Les ambitieux objectifs climatiques européens pour 2030 ont « du plomb dans l’aile », a averti lundi la Cour des comptes de l’UE, pour qui « peu d’éléments » prouvent que les actions et financements prévus seront suffisants pour les atteindre.
Le plan climat de l’Union européenne (UE) prévoit une réduction de 55%, par rapport à 1990, des émissions de gaz à effet de serre d’ici à 2030, assortie de gains d’efficacité énergétique et d’un objectif contraignant de 42,5% de renouvelables dans la consommation d’énergie.
Certes, l’UE a globalement atteint les objectifs climat et énergie qu’elle s’était fixée pour 2020. Mais « elle y est parvenue notamment grâce à des facteurs externes », comme la crise financière de 2009 et la pandémie de Covid-19 qui ont réduit la consommation et les émissions de CO2, relève la Cour dans un rapport.
« L’inquiétude plane » sur les années à venir : « Nous n’avons trouvé que peu d’éléments laissant penser que les ambitieux objectifs 2030 donneront lieu à des actions suffisantes.

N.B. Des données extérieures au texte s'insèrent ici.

lemma integral_le_off_negligible:
  fixes f g :: "'a::euclidean_space \<Rightarrow> real"
  assumes "f integrable_on S" "g integrable_on S" "negligible N" "\<And>x. x \<in> S - N \<Longrightarrow> f x \<le> g x"
  shows "integral S f \<le> integral S g"
proof -
  define f' where "f' x = (if x \<in> N then g x else f x)" for x
  have "integral S f = integral S f'"
    using assms(3) by (intro integral_spike) (auto simp: f'_def)
  also have "\<dots> \<le> integral S g"
  proof (rule integral_le[OF _ assms(2)])
    show "f' integrable_on S"
      by (rule integrable_spike[OF assms(1,3)]) (simp add: f'_def)
  qed (use assms(4) in \<open>auto simp: f'_def\<close>)
  finally show ?thesis .
qed

lemma negligible_cballs_diff_balls:
  fixes C :: "(real \<times> real) set"
  assumes "countable C"
  shows "negligible ((\<Union>(c, r) \<in> C. cball c r) - (\<Union>(c, r) \<in> C. ball c r))"
proof -
  have "(\<Union>(c, r) \<in> C. cball c r) - (\<Union>(c, r) \<in> C. ball c r)
          \<subseteq> (\<lambda>(c, r). c - r) ` C \<union> (\<lambda>(c, r). c + r) ` C"
    by (force simp: dist_real_def)
  moreover have "countable ((\<lambda>(c, r). c - r) ` C \<union> (\<lambda>(c, r). c + r) ` C)"
    using assms by auto
  ultimately show ?thesis
    by (meson negligible_subset negligible_iff_null_sets null_sets_completionI
        countable_imp_null_set_lborel)
qed

lemma emeasure_lebesgue_le_cover:
  assumes "B \<in> sets borel" "negligible (S - B)"
  shows "emeasure lebesgue S \<le> emeasure lborel B"
proof -
  have "B \<union> (S - B) \<in> sets lebesgue"
    using assms by (intro sets.Un) (auto intro: negligible_imp_sets)
  then have "emeasure lebesgue S \<le> emeasure lebesgue (B \<union> (S - B))"
    by (rule emeasure_mono[rotated]) blast
  also have "\<dots> = emeasure lebesgue B"
    using assms by (intro emeasure_Un_null_set) (auto simp: negligible_iff_null_sets)
  also have "\<dots> = emeasure lborel B"
    using assms(1) by simp
  finally show ?thesis .
qed

locale mono_nonexpansive =
  fixes F :: "real \<Rightarrow> real"
  assumes mono: "x \<le> y \<Longrightarrow> F x \<le> F y"
    and nonexpansive: "x \<le> y \<Longrightarrow> F y - F x \<le> y - x"
begin

definition diff_quotient :: "real \<Rightarrow> real \<Rightarrow> real" where
  "diff_quotient x h = (F (x + h) - F x) / h"

lemma diff_quotient_nonneg: "0 \<le> diff_quotient x h"
  using mono[of x "x + h"] mono[of "x + h" x]
  by (cases "0 \<le> h") (auto simp: diff_quotient_def divide_nonpos_neg zero_le_divide_iff)

lemma diff_quotient_le_1: "diff_quotient x h \<le> 1"
  using nonexpansive[of x "x + h"] nonexpansive[of "x + h" x]
  by (cases "0 < h" "h = 0" rule: case_split[case_product case_split])
    (auto simp: diff_quotient_def divide_simps)

lemma lipschitz: "1-lipschitz_on UNIV F"
proof (rule lipschitz_onI)
  fix x y :: real
  show "dist (F x) (F y) \<le> 1 * dist x y"
    using mono[of x y] nonexpansive[of x y] mono[of y x] nonexpansive[of y x]
    by (cases "x \<le> y") (auto simp: dist_real_def)
qed simp

lemma continuous_on: "continuous_on S F"
  using lipschitz_on_continuous_on[OF lipschitz] continuous_on_subset by blast

lemma continuous_on_diff_quotient: "continuous_on S (\<lambda>x. diff_quotient x h)"
  unfolding diff_quotient_def
  by (cases "h = 0") (auto intro!: continuous_intros continuous_on_compose2[OF continuous_on])

definition oscillation_set :: "real \<Rightarrow> real \<Rightarrow> real set" where
  "oscillation_set p q =
     {x. (\<exists>\<^sub>F h in at 0. diff_quotient x h < p) \<and> (\<exists>\<^sub>F h in at 0. q < diff_quotient x h)}"
(* Suppose that OnlinePacker (described in the context) has packed n horizontal parallelograms of height 1 and width at most 1. If the total area of the pieces is at least 1, the resulting packing has density Ω(n^{1-log 3}/log n), where log is base 2.
   Context: Setting: online translational strip packing. The strip is a horizontal strip of height 1, bounded on the left by a vertical segment and unbounded to the right. Pieces arrive one at a time, each must be placed by a translation only, interior-disjoint from previously placed pieces, before the next piece is revealed. The occupied part of the strip is the part from its left end to the vertical line through the rightmost point of a placed piece; density is total piece area divided by the area of the occupied part. Here all pieces are horizontal parallelograms (parallelograms with a pair of horizontal edges) of height 1 and width at most 1. Box types: these form an infinite ternary tree. The root, the basic box type, is a 2 x 1 rectangle. A d-dimensional box type is a vector [x_1,...,x_d] in {-1,0,+1}^d and is a horizontal parallelogram of height 1. Given type T with bottom edge b and top edge t, split b into three equal consecutive segments b_{-1}, b_0, b_{+1} and t likewise into t_{-1}, t_0, t_{+1}; the child type T ⊕ [x_{d+1}] is the parallelogram spanned by b_0 and t_{x_{d+1}}. Thus a d-dimensional type has base edges of length 2·3^{-d}. A box type T matches a piece P if P can be packed into T and area(T) ≤ 6·area(P). A type is suitable for P if it is an ancestor (including itself) of a type matching P. Algorithm OnlinePacker: each allocated box of type T contains either a single piece that T matches, or one, two or three boxes whose types are children of T. When a piece P arrives: if there is an allocated box B_1 whose type T_1 is suitable for P (with T_1,...,T_k the tree path from T_1 to a type T_k matching P) and B_1 has room for one more box of type T_2, choose such B_1 of maximum dimension; then for i = 1,...,k-1 allocate in B_i a new box B_{i+1} of type T_{i+1}, as far left in B_i as possible, and place P in B_k. Otherwise allocate a new basic box as far left in the strip as possible, call it B_1, and proceed the same way. A d-dimensional box is near-empty if exactly one (d+1)-dimensional box is allocated in it (near-empty boxes may be present here). *)

theory Defs
  imports "HOL-Analysis.Analysis"
begin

Rien n’indique qu’un financement suffisant sera à disposition », relève l’institution basée au Luxembourg.
Dans son précédent budget 2014-2020, l’UE était censée consacrer 20% au climat, mais selon les auditeurs, seuls 13% y ont été réellement dédiés.
Désormais, l’UE s’est engagée à consacrer au moins 30 % de son budget 2021-2027 à l’action climatique, soit 87 milliards d’euros par an.
Même s’il est respecté, « ce montant représente moins de 10% du total des investissements nécessaires, estimés à 1.000 milliards annuels. Le reste devrait provenir de fonds nationaux et privés », précise le rapport.
Or, il n’y a aucune assurance sur ces derniers, faute de détails : les données disponibles sur les besoins en investissements et sources de financement « ne suffisent pas à déterminer si les plans (climatiques) nationaux fournissent une base solide » en vue de 2030, déplore la Cour.
« Ces plans ne disent pas grand chose sur la manière de combler l’écart (de financements). Nombre de signaux ne nous rendent pas optimistes, il est clair qu’il faut davantage d’efforts », a observé l’auditeur Lorenzo Pirelli devant la presse.
« Manque de transparence »
Écueil majeur : « le manque de transparence » en raison des « flexibilités » accordées aux États pour atteindre leurs objectifs nationaux.
Pour atteindre les niveaux-cibles de 2020, plusieurs pays ont ainsi dû acheter des quotas d’émissions ou des parts d’énergie renouvelable auprès d’autres États qui avaient, eux, dépassé leurs objectifs.
En avril 2023, la France n’avait pas encore acheté les parts manquantes pour atteindre son objectif de renouvelables, cas unique dans l’UE.
Cinq autres pays (Slovénie, Irlande, Pays-Bas, Belgique, Luxembourg) n’ont pu compter sur leur seule production de renouvelables, n’atteignant leur objectif que grâce aux flexibilités permises par Bruxelles (achat d’énergie auprès d’autres Etats, projets communs inter-étatiques…).
Mais sans transparence sur leur « rapport coût-efficacité », déplore la Cour.
Autre source d’inquiétude : « les plans nationaux ne sont pas suffisamment ambitieux » pour atteindre l’objectif collectif d’efficacité énergétique que se sont fixés les Vingt-Sept à l’échelle de l’UE.
« À l’aveugle »
Enfin, la Cour recommande de comptabiliser toutes les émissions de gaz à effet de serre générées par l’UE, y compris celles liées aux marchandises importées ainsi qu’au transport aérien et maritime. Si ces dernières étaient incluses, les émissions de l’UE augmenteraient d’environ 10 % estime le rapport.
C’est pourtant un « élément crucial » dans la transition vers la neutralité carbone que vise l’UE à horizon 2050, insiste Joëlle Elvinger, responsable de l’audit.
Le premier rapport, également publié lundi, de l' »Observatoire européen de la neutralité climatique », structure créée par plusieurs think-tanks européens (groupes de réflexion), appelle également l’UE à accélérer ses efforts si elle veut atteindre ses objectifs climatiques.
Il pointe la réduction trop lente des combustibles fossiles dans la production d’électricité, le rythme insuffisant de baisse des émissions des bâtiments et la persistance de subventions massives des États de l’UE aux énergies fossiles – qui ont « explosé » en 2021-2022 face à la flambée des cours – au risque « de mettre en péril l’ensemble de la transition ».
Plus généralement, « l’UE doit se doter de processus efficaces de collecte de données et de suivi des progrès, pour que nous n’avancions pas à l’aveugle », prévient Eike Karola Velten, de l’Ecologic Institute à Berlin, auteur principal du rapport.